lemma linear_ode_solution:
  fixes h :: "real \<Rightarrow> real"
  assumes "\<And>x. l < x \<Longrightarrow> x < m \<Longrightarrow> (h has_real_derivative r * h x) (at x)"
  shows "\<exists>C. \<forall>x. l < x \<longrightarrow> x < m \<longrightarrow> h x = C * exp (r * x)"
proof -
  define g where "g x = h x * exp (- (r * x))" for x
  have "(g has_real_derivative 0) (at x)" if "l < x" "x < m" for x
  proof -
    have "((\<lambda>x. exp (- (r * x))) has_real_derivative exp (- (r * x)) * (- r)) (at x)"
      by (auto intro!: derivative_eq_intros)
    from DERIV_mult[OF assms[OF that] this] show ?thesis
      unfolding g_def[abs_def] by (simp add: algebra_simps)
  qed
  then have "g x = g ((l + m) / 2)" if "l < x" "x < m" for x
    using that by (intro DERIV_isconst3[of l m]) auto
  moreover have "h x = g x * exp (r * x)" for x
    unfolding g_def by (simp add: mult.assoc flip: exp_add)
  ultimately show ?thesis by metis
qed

==

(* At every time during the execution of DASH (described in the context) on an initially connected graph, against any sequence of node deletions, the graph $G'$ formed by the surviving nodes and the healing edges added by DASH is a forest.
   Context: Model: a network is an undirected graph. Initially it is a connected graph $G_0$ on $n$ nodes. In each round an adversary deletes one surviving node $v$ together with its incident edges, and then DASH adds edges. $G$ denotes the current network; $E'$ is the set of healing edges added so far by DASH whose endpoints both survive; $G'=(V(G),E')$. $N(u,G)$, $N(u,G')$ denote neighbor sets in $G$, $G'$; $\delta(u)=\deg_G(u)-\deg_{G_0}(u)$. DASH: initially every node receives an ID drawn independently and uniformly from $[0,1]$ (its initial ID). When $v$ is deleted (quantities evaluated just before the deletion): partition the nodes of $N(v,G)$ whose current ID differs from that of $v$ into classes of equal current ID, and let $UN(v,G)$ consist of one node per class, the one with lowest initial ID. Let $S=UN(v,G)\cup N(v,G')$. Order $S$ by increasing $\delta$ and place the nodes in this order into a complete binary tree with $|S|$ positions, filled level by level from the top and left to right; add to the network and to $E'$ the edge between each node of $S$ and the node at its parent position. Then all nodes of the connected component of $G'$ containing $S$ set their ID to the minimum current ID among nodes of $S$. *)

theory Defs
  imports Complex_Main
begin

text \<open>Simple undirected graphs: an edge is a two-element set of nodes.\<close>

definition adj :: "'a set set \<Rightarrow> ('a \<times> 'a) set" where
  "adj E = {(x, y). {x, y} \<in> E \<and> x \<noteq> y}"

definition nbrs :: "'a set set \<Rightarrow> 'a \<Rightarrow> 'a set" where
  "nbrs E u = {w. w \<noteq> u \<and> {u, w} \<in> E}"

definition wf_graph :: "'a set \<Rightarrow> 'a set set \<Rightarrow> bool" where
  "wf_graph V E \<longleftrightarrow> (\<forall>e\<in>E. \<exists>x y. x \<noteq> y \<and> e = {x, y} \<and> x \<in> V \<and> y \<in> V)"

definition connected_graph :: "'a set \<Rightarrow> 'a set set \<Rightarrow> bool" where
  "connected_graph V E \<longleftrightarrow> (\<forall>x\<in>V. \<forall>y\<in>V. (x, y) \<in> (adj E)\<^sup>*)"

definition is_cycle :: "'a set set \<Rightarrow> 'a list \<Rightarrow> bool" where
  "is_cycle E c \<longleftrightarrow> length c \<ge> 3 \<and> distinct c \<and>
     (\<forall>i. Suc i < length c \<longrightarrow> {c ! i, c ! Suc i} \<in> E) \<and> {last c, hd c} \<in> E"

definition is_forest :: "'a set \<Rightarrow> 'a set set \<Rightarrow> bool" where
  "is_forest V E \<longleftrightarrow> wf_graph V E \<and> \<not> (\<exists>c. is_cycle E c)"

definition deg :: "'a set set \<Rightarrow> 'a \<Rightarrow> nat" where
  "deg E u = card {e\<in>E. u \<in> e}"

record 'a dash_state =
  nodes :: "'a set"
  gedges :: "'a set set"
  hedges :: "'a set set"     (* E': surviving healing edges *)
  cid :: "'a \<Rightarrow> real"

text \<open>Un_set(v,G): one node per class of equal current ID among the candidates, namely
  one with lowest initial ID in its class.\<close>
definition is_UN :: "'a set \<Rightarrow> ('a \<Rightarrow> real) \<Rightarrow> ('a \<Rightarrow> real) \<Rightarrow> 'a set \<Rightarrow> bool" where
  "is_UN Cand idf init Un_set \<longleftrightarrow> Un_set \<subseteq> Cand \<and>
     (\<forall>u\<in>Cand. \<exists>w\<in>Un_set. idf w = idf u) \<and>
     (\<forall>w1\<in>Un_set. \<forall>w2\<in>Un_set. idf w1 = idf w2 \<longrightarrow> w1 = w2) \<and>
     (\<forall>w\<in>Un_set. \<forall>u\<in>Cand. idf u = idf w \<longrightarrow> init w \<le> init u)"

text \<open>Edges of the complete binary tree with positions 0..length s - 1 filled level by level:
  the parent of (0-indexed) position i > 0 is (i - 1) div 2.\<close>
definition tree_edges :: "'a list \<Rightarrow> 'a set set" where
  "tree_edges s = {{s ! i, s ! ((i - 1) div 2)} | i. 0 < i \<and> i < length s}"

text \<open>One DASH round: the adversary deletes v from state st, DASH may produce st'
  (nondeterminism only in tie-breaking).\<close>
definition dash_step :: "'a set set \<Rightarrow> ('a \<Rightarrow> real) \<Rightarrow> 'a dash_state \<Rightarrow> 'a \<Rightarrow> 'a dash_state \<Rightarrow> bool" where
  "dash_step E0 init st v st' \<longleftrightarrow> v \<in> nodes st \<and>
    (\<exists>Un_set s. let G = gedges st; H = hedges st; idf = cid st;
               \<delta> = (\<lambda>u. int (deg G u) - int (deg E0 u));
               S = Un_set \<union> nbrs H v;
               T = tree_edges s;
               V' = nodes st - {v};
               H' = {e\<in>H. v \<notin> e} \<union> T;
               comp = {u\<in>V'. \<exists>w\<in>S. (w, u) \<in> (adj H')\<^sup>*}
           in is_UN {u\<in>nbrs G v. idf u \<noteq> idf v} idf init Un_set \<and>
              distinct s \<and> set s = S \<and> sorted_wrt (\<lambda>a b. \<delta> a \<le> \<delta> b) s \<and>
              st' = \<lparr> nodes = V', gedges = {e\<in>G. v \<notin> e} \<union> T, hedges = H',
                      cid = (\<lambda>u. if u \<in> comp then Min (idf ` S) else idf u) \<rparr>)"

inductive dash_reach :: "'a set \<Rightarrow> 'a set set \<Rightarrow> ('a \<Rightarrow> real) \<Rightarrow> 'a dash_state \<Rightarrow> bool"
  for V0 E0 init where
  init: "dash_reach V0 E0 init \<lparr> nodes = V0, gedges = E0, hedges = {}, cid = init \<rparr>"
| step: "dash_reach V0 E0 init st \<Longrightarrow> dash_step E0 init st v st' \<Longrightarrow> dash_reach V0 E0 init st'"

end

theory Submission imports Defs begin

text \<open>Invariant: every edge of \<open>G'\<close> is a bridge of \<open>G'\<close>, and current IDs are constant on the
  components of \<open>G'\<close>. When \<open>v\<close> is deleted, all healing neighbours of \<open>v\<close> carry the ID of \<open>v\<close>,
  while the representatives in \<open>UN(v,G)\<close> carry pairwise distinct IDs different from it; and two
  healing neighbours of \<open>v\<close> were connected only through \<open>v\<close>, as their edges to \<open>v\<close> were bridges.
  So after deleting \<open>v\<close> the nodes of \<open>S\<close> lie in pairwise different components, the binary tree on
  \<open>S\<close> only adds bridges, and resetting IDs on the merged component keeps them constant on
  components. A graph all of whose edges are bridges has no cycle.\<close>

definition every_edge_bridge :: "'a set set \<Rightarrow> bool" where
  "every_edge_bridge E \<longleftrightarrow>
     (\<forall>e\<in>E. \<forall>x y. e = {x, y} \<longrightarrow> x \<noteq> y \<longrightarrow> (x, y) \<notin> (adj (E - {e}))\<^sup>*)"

Your task: Reproduce exactly the section above that begins at the line containing "has_real_derivative 0) (at" and ends at the line containing "by (auto intro!: derivative_eq_intros)", leaving out all other lines.

Written answer:
  have "(g has_real_derivative 0) (at x)" if "l < x" "x < m" for x
  proof -
    have "((\<lambda>x. exp (- (r * x))) has_real_derivative exp (- (r * x)) * (- r)) (at x)"
      by (auto intro!: derivative_eq_intros)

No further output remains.